• **AIM OF THE EXERCISE**: Each line of the entries below that holds "hyps" is needed, copied in full.

ENTRIES PROVIDED section start

(* Let $S=S_1+S_2$ be the gluing of affine semigroups $S_1,S_2\subset\mathbb N^r$ along $\alpha$. Fix $j\in\{1,2\}$ and $b,b'\in S_j$. Then $b-b'\in S_j$ if and only if $b-b'\in S$.
   Context: $S=S_1+S_2$ is the gluing of $S_1$ and $S_2$ if there is $\alpha\in S_1\cap S_2$ with $\mathbb Z S_1\cap\mathbb Z S_2=\mathbb Z\alpha$, where $\mathbb Z S_j$ is the subgroup of $\mathbb Z^r$ generated by $S_j$. *)

theory Defs
  imports "HOL-Analysis.Finite_Cartesian_Product"
begin

text \<open>Points of Z^r are vectors of type int^'n (r = CARD('n)).\<close>

definition natpts :: "(int ^ 'n) set" where
  "natpts = {v. \<forall>i. 0 \<le> v $ i}"

inductive_set monoid_gen :: "'a::monoid_add set \<Rightarrow> 'a set" for A where
  zero: "0 \<in> monoid_gen A"
| add: "a \<in> A \<Longrightarrow> x \<in> monoid_gen A \<Longrightarrow> a + x \<in> monoid_gen A"

inductive_set group_gen :: "'a::ab_group_add set \<Rightarrow> 'a set" for A where
  zero: "0 \<in> group_gen A"
| add: "a \<in> A \<Longrightarrow> x \<in> group_gen A \<Longrightarrow> a + x \<in> group_gen A"
| sub: "a \<in> A \<Longrightarrow> x \<in> group_gen A \<Longrightarrow> x - a \<in> group_gen A"

definition affine_semigroup :: "(int ^ 'n) set \<Rightarrow> bool" where
  "affine_semigroup S \<longleftrightarrow> (\<exists>A. finite A \<and> A \<subseteq> natpts \<and> S = monoid_gen A)"

definition gluing :: "(int ^ 'n) set \<Rightarrow> (int ^ 'n) set \<Rightarrow> (int ^ 'n) set \<Rightarrow> int ^ 'n \<Rightarrow> bool" where
  "gluing S S1 S2 \<alpha> \<longleftrightarrow>
     S = {x + y | x y. x \<in> S1 \<and> y \<in> S2} \<and> \<alpha> \<in> S1 \<inter> S2 \<and>
     group_gen S1 \<inter> group_gen S2 = group_gen {\<alpha>}"

end

theory Submission
  imports Defs
begin

text \<open>If \<open>b - b' = x + y\<close> with \<open>x \<in> S\<^sub>1\<close>, \<open>y \<in> S\<^sub>2\<close>, then
  \<open>y = b - b' - x\<close> lies in \<open>\<int>S\<^sub>1 \<inter> \<int>S\<^sub>2 = \<int>\<alpha>\<close>, so \<open>y = k\<alpha>\<close>. For \<open>k \<ge> 0\<close> this puts \<open>y\<close>,
  hence \<open>b - b'\<close>, in \<open>S\<^sub>1\<close>; for \<open>k < 0\<close> both \<open>y\<close> and \<open>-y\<close> are nonnegative vectors, so
  \<open>y = 0\<close>.\<close>

lemma monoid_gen_add:
  assumes "x \<in> monoid_gen A" and "y \<in> monoid_gen A"
  shows "x + y \<in> monoid_gen A"
  using assms
proof (induction x rule: monoid_gen.induct)
  case zero
  then show ?case by simp
next
  case (add a x)
  then have "a + (x + y) \<in> monoid_gen A" by (simp add: monoid_gen.add)
  then show ?case by (simp add: add.assoc)
qed

lemma monoid_gen_of_nat_mult:
  fixes a :: "'a::semiring_1"
  assumes "a \<in> monoid_gen A"
  shows "of_nat n * a \<in> monoid_gen A"
proof (induction n)
  case 0
  then show ?case by (simp add: monoid_gen.zero)
next
  case (Suc n)
  then show ?case using monoid_gen_add[OF assms] by (simp add: distrib_right)
qed

lemma monoid_gen_subset_natpts:
  assumes "A \<subseteq> natpts"
  shows "monoid_gen A \<subseteq> natpts"
proof
  fix x assume "x \<in> monoid_gen A"
  then show "x \<in> natpts"
  proof (induction x rule: monoid_gen.induct)
    case zero
    then show ?case by (simp add: natpts_def)
  next
    case (add a x)
    then show ?case using assms by (force simp: natpts_def)
  qed
qed

lemma natpts_uminus_eq_zero:
  assumes "y \<in> natpts" and "- y \<in> natpts"
  shows "y = 0"
  using assms by (simp add: natpts_def vec_eq_iff order_antisym)

lemma group_gen_add_diff:
  assumes "y \<in> group_gen A" and "x \<in> group_gen A"
  shows "x + y \<in> group_gen A \<and> x - y \<in> group_gen A"
  using assms
proof (induction y arbitrary: x rule: group_gen.induct)
  case zero
  then show ?case by simp
next
  case (add a y)
  then have "a + (x + y) \<in> group_gen A" "(x - y) - a \<in> group_gen A"
    by (simp_all add: group_gen.add group_gen.sub)
  then show ?case by (simp add: algebra_simps)
next
  case (sub a y)
  then have "(x + y) - a \<in> group_gen A" "a + (x - y) \<in> group_gen A"
    by (simp_all add: group_gen.add group_gen.sub)
  then show ?case by (simp add: algebra_simps)
qed

lemma group_gen_diff:
  "x \<in> group_gen A \<Longrightarrow> y \<in> group_gen A \<Longrightarrow> x - y \<in> group_gen A"
  using group_gen_add_diff by blast

lemma subset_group_gen: "A \<subseteq> group_gen A"
  using group_gen.add[OF _ group_gen.zero] by fastforce

lemma group_gen_singleton:
  fixes \<alpha> :: "'a::ring_1"
  assumes "y \<in> group_gen {\<alpha>}"
  shows "\<exists>k. y = of_int k * \<alpha>"
  using assms
proof (induction y rule: group_gen.induct)
  case zero
  show ?case by (intro exI[of _ 0]) simp
next
  case (add a y)
  then obtain k where "y = of_int k * \<alpha>" by blast
  with add.hyps have "a + y = of_int (k + 1) * \<alpha>" by (simp add: algebra_simps)
  then show ?case by blast
next
  case (sub a y)
  then obtain k where "y = of_int k * \<alpha>" by blast
  with sub.hyps have "y - a = of_int (k - 1) * \<alpha>" by (simp add: algebra_simps)
  then show ?case by blast
qed

lemma diff_mem_monoid_gen_if_glued:
  fixes \<alpha> b b' x y :: "int ^ 'n"
  assumes A: "A \<subseteq> natpts" and U: "U \<subseteq> natpts"
    and \<alpha>: "\<alpha> \<in> monoid_gen A"
    and glue: "group_gen (monoid_gen A) \<inter> group_gen U = group_gen {\<alpha>}"
    and b: "b \<in> monoid_gen A" "b' \<in> monoid_gen A"
    and x: "x \<in> monoid_gen A" and y: "y \<in> U" and sum: "b - b' = x + y"
  shows "b - b' \<in> monoid_gen A"
proof -
  have "y = (b - x) - b'" using sum by (simp add: algebra_simps)
  also have "\<dots> \<in> group_gen (monoid_gen A)"
    using b x subset_group_gen by (blast intro: group_gen_diff)
  finally have "y \<in> group_gen {\<alpha>}"
    using y subset_group_gen glue by blast
  then obtain k where k: "y = of_int k * \<alpha>"
    using group_gen_singleton by blast
  have "y \<in> monoid_gen A"
  proof (cases "k \<ge> 0")
    case True
    then have "y = of_nat (nat k) * \<alpha>" using k by simp
    then show ?thesis using monoid_gen_of_nat_mult[OF \<alpha>] by simp
  next
    case False
    then have "- y = of_nat (nat (- k)) * \<alpha>" using k by simp
    then have "- y \<in> natpts"
      using monoid_gen_of_nat_mult[OF \<alpha>] monoid_gen_subset_natpts[OF A] by auto
    then have "y = 0" using natpts_uminus_eq_zero y U by blast
    then show ?thesis by (simp add: monoid_gen.zero)
  qed
  then show ?thesis using sum monoid_gen_add[OF x] by simp
qed

lemma gluing_commute: "gluing S S1 S2 \<alpha> \<Longrightarrow> gluing S S2 S1 \<alpha>"
  unfolding gluing_def by (auto intro: add.commute)

lemma diff_mem_gluing_iff:
  assumes "affine_semigroup S1" and "affine_semigroup S2" and glue: "gluing S S1 S2 \<alpha>"
    and b: "b \<in> S1" "b' \<in> S1"
  shows "b - b' \<in> S1 \<longleftrightarrow> b - b' \<in> S"
proof
  have "0 \<in> S2"
    using assms(2) by (auto simp: affine_semigroup_def monoid_gen.zero)
  then show "b - b' \<in> S1 \<Longrightarrow> b - b' \<in> S"
    using glue unfolding gluing_def by force
next
  obtain A where A: "A \<subseteq> natpts" "S1 = monoid_gen A"
    using assms(1) by (auto simp: affine_semigroup_def)
  have "S2 \<subseteq> natpts"
    using assms(2) monoid_gen_subset_natpts by (auto simp: affine_semigroup_def)
  moreover assume "b - b' \<in> S"
  ultimately show "b - b' \<in> S1"
    using glue b A diff_mem_monoid_gen_if_glued[of A S2 \<alpha> b b']
    unfolding gluing_def by blast
qed

theorem lemma3p5:
  fixes S S1 S2 :: "(int ^ 'n) set" and \<alpha> :: "int ^ 'n" and j :: nat and b b' :: "int ^ 'n"
  assumes "affine_semigroup S1" and "affine_semigroup S2"
    and "gluing S S1 S2 \<alpha>"
    and "j \<in> {1, 2}"
    and "b \<in> (if j = 1 then S1 else S2)" and "b' \<in> (if j = 1 then S1 else S2)"
  shows "b - b' \<in> (if j = 1 then S1 else S2) \<longleftrightarrow> b - b' \<in> S"
proof (cases "j = 1")
  case True
  then show ?thesis using assms diff_mem_gluing_iff by simp
next
  case False
  then show ?thesis
    using assms gluing_commute diff_mem_gluing_iff[of S2 S1 S \<alpha> b b'] by auto
qed

end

ENTRIES PROVIDED section end

• **FINAL ANSWER**:
  with add.hyps have "a + y = of_int (k + 1) * \<alpha>" by (simp add: algebra_simps)
  with sub.hyps have "y - a = of_int (k - 1) * \<alpha>" by (simp add: algebra_simps)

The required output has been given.